Casanova de Fellini (Il Casanova di Federico Fellini; 1976) tem atravessado as décadas estabelecendo discussões contraditórias entre os cinemaníacos. O cineasta espanhol Luis Buñuel confessou, em seu livro de memórias, que saiu da sala muito antes do fim da projeção. Buñuel não está sozinho: pode-se dizer que para muitos espectadores, alguns até fellinianos apaixonados, a versão cinematográfica do realizador italiano Federico Fellini para as memórias do escritor e conquistador sexual veneziano Giacomo Casanova são enfadonhas e beiram o ridículo. Na verdade esta realização iniciava uma fase meio complicada da relação de Fellini com seus analistas; depois da perfeição poética de Amarcord (1973), Fellini nunca mais foi o mesmo e deixou o trem de sua fantasia descarrilar. Casanova de Fellini é este estranho ponto de inflexão: o exagero e a demência tomam inteiramente conta do universo retratado, impedindo uma aproximação mais conseqüente àquilo que o cineasta quer expor.

Mesmo assim, para o felliniano nato, a narrativa apresenta exuberâncias barrocas enlevantes. Inquestionavelmente, uma sensibilidade apropriada à Fellini permite que se assista em êxtase a muitas cenas da trajetória de Casanova na ótica grotesca e satírica do diretor peninsular. A abertura da fita já se revela extremamente rica em suas formas e cores: a festa de Vênus na Veneza natal da personagem-título. Fellini transforma o cotidiano repetitivamente sexual de Casanova num circo cinematográfico criativo, cheio de achados; sua sátira impiedosa aos urros animalescos do aventureiro quando copula topa nos urros de linguagem de Fellini um correspondente notável. Talvez as características agudamente sombrias e uma constante fragmentação dos episódios façam com que Casanova de Fellini adquira conceitos experimentais de cinema dos anos 70, o que explicaria o incômodo provocado na maioria dos assistentes diante de sua visão.

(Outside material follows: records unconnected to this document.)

lemma mult_mem_m_iff:
  assumes "x \<notin> m"
  shows "x * y \<in> m \<longleftrightarrow> y \<in> m"
proof
  obtain z where "x * z = 1"
    using unit_if_notin_m assms by blast
  then have "z * (x * y) = y"
    by (metis mult.assoc mult.commute mult_1)
  then show "x * y \<in> m \<Longrightarrow> y \<in> m"
    using ideal_mult_left[OF m_ideal, of "x * y" z] by simp
qed (rule ideal_mult_left[OF m_ideal])

lemma mem_m_if_power_mem_m: "x ^ n \<in> m \<Longrightarrow> x \<in> m"
  by (induction n) (auto simp: one_notin_m dest: mult_mem_m_iff)

lemma of_nat_p_mem_m: "of_nat p \<in> m"
proof -
  obtain N where "(of_nat p :: 'a) ^ N = 0"
    using char_p_power by (auto simp: of_nat_power)
  then show ?thesis
    using ideal_zero[OF m_ideal] mem_m_if_power_mem_m[of "of_nat p" N] by simp
qed

lemma mult_mem_J: "a \<in> m \<Longrightarrow> b \<in> m \<Longrightarrow> a * b \<in> J"
  unfolding sq_plus_p_def
  by (intro CollectI exI[of _ 1] exI[of _ "\<lambda>_. a"] exI[of _ "\<lambda>_. b"] exI[of _ 0]) auto

lemma of_nat_p_mult_mem_J: "of_nat p * r \<in> J"
  unfolding sq_plus_p_def
  by (intro CollectI exI[of _ 0] exI[of _ "\<lambda>_. 0"] exI[of _ "\<lambda>_. 0"] exI[of _ r]) auto
(* Let $p\in\mathbb{C}[X_1,\dots,X_d,T]$. If $N_{\mathcal{L}(\mathcal{D}(\mathbb{R}),\mathcal{S}'(\mathbb{R}^d))}(p)=\{0\}$, then $V(C_{\mathbf{X}}(p))\cap i\mathbb{R}^d=\emptyset$.
   Context: Coordinates on $\mathbb{R}^{d+1}$ are $(\mathbf{x},t)$, $\mathbf{x}\in\mathbb{R}^d$, $t\in\mathbb{R}$, and $\mathbf{X}=(X_1,\dots,X_d)$. $\mathcal{L}(\mathcal{D}(\mathbb{R}),\mathcal{S}'(\mathbb{R}^d))$ is the space of continuous linear maps from $\mathcal{D}(\mathbb{R})$ (inductive limit topology) to $\mathcal{S}'(\mathbb{R}^d)$ (weak-* topology) — the "distributions tempered in the spatial directions"; each such $u$ is identified with the unique $U\in\mathcal{D}'(\mathbb{R}^{d+1})$ with $\langle U,\varphi\otimes\psi\rangle=\langle u(\varphi),\psi\rangle$ for $\varphi\in\mathcal{D}(\mathbb{R})$, $\psi\in\mathcal{D}(\mathbb{R}^d)$, so it is a subspace of $\mathcal{D}'(\mathbb{R}^{d+1})$ (derivatives in $x_k$ and $t$ are the distributional ones). For $p\in\mathbb{C}[\mathbf{X},T]$, $D_p=p\left(\frac{\partial}{\partial x_1},\dots,\frac{\partial}{\partial x_d},\frac{\partial}{\partial t}\right)$, and for a subspace $S\subset\mathcal{D}'(\mathbb{R}^{d+1})$, $N_S(p)=\{u\in S: D_pu=0,\ u|_{t<0}=0\}$, where $u|_{t<0}$ is the restriction to $\{t<0\}$. Writing $p=a_0+a_1T+\dots+a_nT^n$ with $a_j\in\mathbb{C}[\mathbf{X}]$, the $\mathbf{X}$-content $C_{\mathbf{X}}(p)$ is the ideal of $\mathbb{C}[\mathbf{X}]$ generated by $a_0,\dots,a_n$. For a set $I\subset\mathbb{C}[\mathbf{X}]$, $V(I)=\{\boldsymbol{\xi}\in\mathbb{C}^d: q(\boldsymbol{\xi})=0\ \forall q\in I\}$. *)

theory Defs
  imports "HOL-Analysis.Analysis" "HOL-Library.Poly_Mapping"
          "HOL-Computational_Algebra.Polynomial"
begin

definition dpart :: "'a::euclidean_space \<Rightarrow> ('a \<Rightarrow> complex) \<Rightarrow> 'a \<Rightarrow> complex" where
  "dpart b f x = vector_derivative (\<lambda>s::real. f (x + s *\<^sub>R b)) (at 0)"

primrec diter :: "'a::euclidean_space list \<Rightarrow> ('a \<Rightarrow> complex) \<Rightarrow> 'a \<Rightarrow> complex" where
  "diter [] f = f"
| "diter (b # bs) f = dpart b (diter bs f)"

O filme de Fellini é um repertório de sensações diversas. O ridículo duma competição sexual a que se submete Casanova é tragicômico, ou ridículo mesmo, e só é salva a seqüência pela intensidade visual de Fellini. A cena em que Casanova dança com uma boneca, depois vindo a transar com ela, tem uma beleza poética equiparável aos melhores momentos de toda a sua filmografia. Aquele pássaro fálico estranho que aparece seguidamente espiando os desempenhos eróticos da personagem é um achado narrativo e plástico.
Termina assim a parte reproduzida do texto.